== Segment start ==

lemma strict_mono_nonminimal_seq:
  assumes "infinite (UNIV :: 'a set)"
  obtains g :: "nat \<Rightarrow> 'a::linorder" where "strict_mono_on {..<n} g" "\<And>i. i < n \<Longrightarrow> \<exists>t. t < g i"
proof -
  obtain A :: "'a set" where A: "finite A" "card A = Suc n"
    using infinite_arbitrarily_large[OF assms] by blast
  define xs where "xs = sorted_list_of_set A"
  have xs: "sorted_wrt (<) xs" "length xs = Suc n"
    using A by (simp_all add: xs_def)
  show thesis
  proof
    show "strict_mono_on {..<n} (\<lambda>i. xs ! Suc i)"
      using xs by (intro strict_mono_onI) (auto intro: sorted_wrt_nth_less)
    show "\<exists>t. t < xs ! Suc i" if "i < n" for i
      using sorted_wrt_nth_less[OF xs(1), of 0 "Suc i"] xs(2) that by auto
  qed
qed

context linear_theory
begin

text \<open>The kind of a formula locates its class in the Lindenbaum chain relative to
  \<bottom>, the negation fixpoint and \<top>; the four conditions are upward closed and
  nested, so the kind is monotone.\<close>

definition kind :: "fm \<Rightarrow> nat" where
  "kind a = (if Top \<preceq> a then 4 else if \<not> a \<preceq> Neg a then 3 else if Neg a \<preceq> a then 2
     else if \<not> a \<preceq> Bot then 1 else 0)"

lemma not_leq_Neg_of_Top_leq: "Top \<preceq> a \<Longrightarrow> \<not> a \<preceq> Neg a"
  using Top_leq_Neg_iff leq_trans not_Top_leq_Bot by blast

lemma Neg_leq_of_not_leq_Neg: "\<not> a \<preceq> Neg a \<Longrightarrow> Neg a \<preceq> a"
  using leq_linear by blast

lemma not_leq_Bot_of_Neg_leq: "Neg a \<preceq> a \<Longrightarrow> \<not> a \<preceq> Bot"
  using Top_leq_Neg_iff leq_trans not_Top_leq_Bot by blast

lemma kind_mono: "a \<preceq> b \<Longrightarrow> kind a \<le> kind b"
proof -
  assume ab: "a \<preceq> b"
  then have "Top \<preceq> a \<Longrightarrow> Top \<preceq> b" "\<not> a \<preceq> Bot \<Longrightarrow> \<not> b \<preceq> Bot"
    "\<not> a \<preceq> Neg a \<Longrightarrow> \<not> b \<preceq> Neg b" "Neg a \<preceq> a \<Longrightarrow> Neg b \<preceq> b"
    by (meson Neg_leq_Neg_iff leq_trans)+
  then show ?thesis
    unfolding kind_def
    using not_leq_Neg_of_Top_leq Neg_leq_of_not_leq_Neg not_leq_Bot_of_Neg_leq by auto
qed

lemma kind_le_4: "kind a \<le> 4"
  by (simp add: kind_def)

lemma kind_Neg: "kind (Neg a) = 4 - kind a"
  unfolding kind_def
  using not_leq_Neg_of_Top_leq Neg_leq_of_not_leq_Neg not_leq_Bot_of_Neg_leq
  by (auto simp: Top_leq_Neg_iff Neg_leq_Bot_iff)

lemma kind_eq_0_iff: "kind a = 0 \<longleftrightarrow> a \<preceq> Bot"
  unfolding kind_def
  using not_leq_Neg_of_Top_leq Neg_leq_of_not_leq_Neg not_leq_Bot_of_Neg_leq by auto

lemma kind_eq_2_iff: "kind a = 2 \<longleftrightarrow> a \<approx> Neg a"
  unfolding kind_def equiv_def using not_leq_Neg_of_Top_leq by auto

lemma kind_eq_4_iff: "kind a = 4 \<longleftrightarrow> Top \<preceq> a"
  by (simp add: kind_def)

lemma kind_equiv: "a \<approx> b \<Longrightarrow> kind a = kind b"
  by (simp add: equiv_def kind_mono le_antisym)

end

locale lindenbaum_embedding = linear_theory D for D +
  fixes S :: "fm set" and g :: "nat \<Rightarrow> 'a::linorder" and n :: nat
  assumes finite_S: "finite S"
    and Neg_S: "a \<in> S \<Longrightarrow> \<exists>c\<in>S. Neg a \<approx> c"
    and g_strict_mono: "strict_mono_on {..<n} g"
    and g_nonminimal: "i < n \<Longrightarrow> \<exists>t. t < g i"
    and card_S_less: "card S < n"
begin

definition S_up_to_equiv :: "fm set" where
  "S_up_to_equiv = {a. \<exists>c\<in>S. a \<approx> c}"

lemma S_subset_S_up_to_equiv: "S \<subseteq> S_up_to_equiv"
  unfolding S_up_to_equiv_def equiv_def using leq_refl by blast

lemma Neg_S_up_to_equiv: "a \<in> S_up_to_equiv \<Longrightarrow> Neg a \<in> S_up_to_equiv"
  unfolding S_up_to_equiv_def using Neg_S equiv_Neg equiv_trans by blast

text \<open>By linearity, rank a counts the members of S strictly below a.\<close>

definition rank :: "fm \<Rightarrow> nat" where
  "rank a = card {b \<in> S. \<not> a \<preceq> b}"

lemma rank_less_n: "rank a < n"
proof -
  have "rank a \<le> card S"
    unfolding rank_def using finite_S by (intro card_mono) auto
  then show ?thesis
    using card_S_less by linarith
qed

== Segment end ==

> Try it
Write the listing out once more, keeping each word as it is.

> Expected answer
lemma strict_mono_nonminimal_seq:
  assumes "infinite (UNIV :: 'a set)"
  obtains g :: "nat \<Rightarrow> 'a::linorder" where "strict_mono_on {..<n} g" "\<And>i. i < n \<Longrightarrow> \<exists>t. t < g i"
proof -
  obtain A :: "'a set" where A: "finite A" "card A = Suc n"
    using infinite_arbitrarily_large[OF assms] by blast
  define xs where "xs = sorted_list_of_set A"
  have xs: "sorted_wrt (<) xs" "length xs = Suc n"
    using A by (simp_all add: xs_def)
  show thesis
  proof
    show "strict_mono_on {..<n} (\<lambda>i. xs ! Suc i)"
      using xs by (intro strict_mono_onI) (auto intro: sorted_wrt_nth_less)
    show "\<exists>t. t < xs ! Suc i" if "i < n" for i
      using sorted_wrt_nth_less[OF xs(1), of 0 "Suc i"] xs(2) that by auto
  qed
qed

context linear_theory
begin

text \<open>The kind of a formula locates its class in the Lindenbaum chain relative to
  \<bottom>, the negation fixpoint and \<top>; the four conditions are upward closed and
  nested, so the kind is monotone.\<close>

definition kind :: "fm \<Rightarrow> nat" where
  "kind a = (if Top \<preceq> a then 4 else if \<not> a \<preceq> Neg a then 3 else if Neg a \<preceq> a then 2
     else if \<not> a \<preceq> Bot then 1 else 0)"

lemma not_leq_Neg_of_Top_leq: "Top \<preceq> a \<Longrightarrow> \<not> a \<preceq> Neg a"
  using Top_leq_Neg_iff leq_trans not_Top_leq_Bot by blast

lemma Neg_leq_of_not_leq_Neg: "\<not> a \<preceq> Neg a \<Longrightarrow> Neg a \<preceq> a"
  using leq_linear by blast

lemma not_leq_Bot_of_Neg_leq: "Neg a \<preceq> a \<Longrightarrow> \<not> a \<preceq> Bot"
  using Top_leq_Neg_iff leq_trans not_Top_leq_Bot by blast

lemma kind_mono: "a \<preceq> b \<Longrightarrow> kind a \<le> kind b"
proof -
  assume ab: "a \<preceq> b"
  then have "Top \<preceq> a \<Longrightarrow> Top \<preceq> b" "\<not> a \<preceq> Bot \<Longrightarrow> \<not> b \<preceq> Bot"
    "\<not> a \<preceq> Neg a \<Longrightarrow> \<not> b \<preceq> Neg b" "Neg a \<preceq> a \<Longrightarrow> Neg b \<preceq> b"
    by (meson Neg_leq_Neg_iff leq_trans)+
  then show ?thesis
    unfolding kind_def
    using not_leq_Neg_of_Top_leq Neg_leq_of_not_leq_Neg not_leq_Bot_of_Neg_leq by auto
qed

lemma kind_le_4: "kind a \<le> 4"
  by (simp add: kind_def)

lemma kind_Neg: "kind (Neg a) = 4 - kind a"
  unfolding kind_def
  using not_leq_Neg_of_Top_leq Neg_leq_of_not_leq_Neg not_leq_Bot_of_Neg_leq
  by (auto simp: Top_leq_Neg_iff Neg_leq_Bot_iff)

lemma kind_eq_0_iff: "kind a = 0 \<longleftrightarrow> a \<preceq> Bot"
  unfolding kind_def
  using not_leq_Neg_of_Top_leq Neg_leq_of_not_leq_Neg not_leq_Bot_of_Neg_leq by auto

lemma kind_eq_2_iff: "kind a = 2 \<longleftrightarrow> a \<approx> Neg a"
  unfolding kind_def equiv_def using not_leq_Neg_of_Top_leq by auto

lemma kind_eq_4_iff: "kind a = 4 \<longleftrightarrow> Top \<preceq> a"
  by (simp add: kind_def)

lemma kind_equiv: "a \<approx> b \<Longrightarrow> kind a = kind b"
  by (simp add: equiv_def kind_mono le_antisym)

end

locale lindenbaum_embedding = linear_theory D for D +
  fixes S :: "fm set" and g :: "nat \<Rightarrow> 'a::linorder" and n :: nat
  assumes finite_S: "finite S"
    and Neg_S: "a \<in> S \<Longrightarrow> \<exists>c\<in>S. Neg a \<approx> c"
    and g_strict_mono: "strict_mono_on {..<n} g"
    and g_nonminimal: "i < n \<Longrightarrow> \<exists>t. t < g i"
    and card_S_less: "card S < n"
begin

definition S_up_to_equiv :: "fm set" where
  "S_up_to_equiv = {a. \<exists>c\<in>S. a \<approx> c}"

lemma S_subset_S_up_to_equiv: "S \<subseteq> S_up_to_equiv"
  unfolding S_up_to_equiv_def equiv_def using leq_refl by blast

lemma Neg_S_up_to_equiv: "a \<in> S_up_to_equiv \<Longrightarrow> Neg a \<in> S_up_to_equiv"
  unfolding S_up_to_equiv_def using Neg_S equiv_Neg equiv_trans by blast

text \<open>By linearity, rank a counts the members of S strictly below a.\<close>

definition rank :: "fm \<Rightarrow> nat" where
  "rank a = card {b \<in> S. \<not> a \<preceq> b}"

lemma rank_less_n: "rank a < n"
proof -
  have "rank a \<le> card S"
    unfolding rank_def using finite_S by (intro card_mono) auto
  then show ?thesis
    using card_S_less by linarith
qed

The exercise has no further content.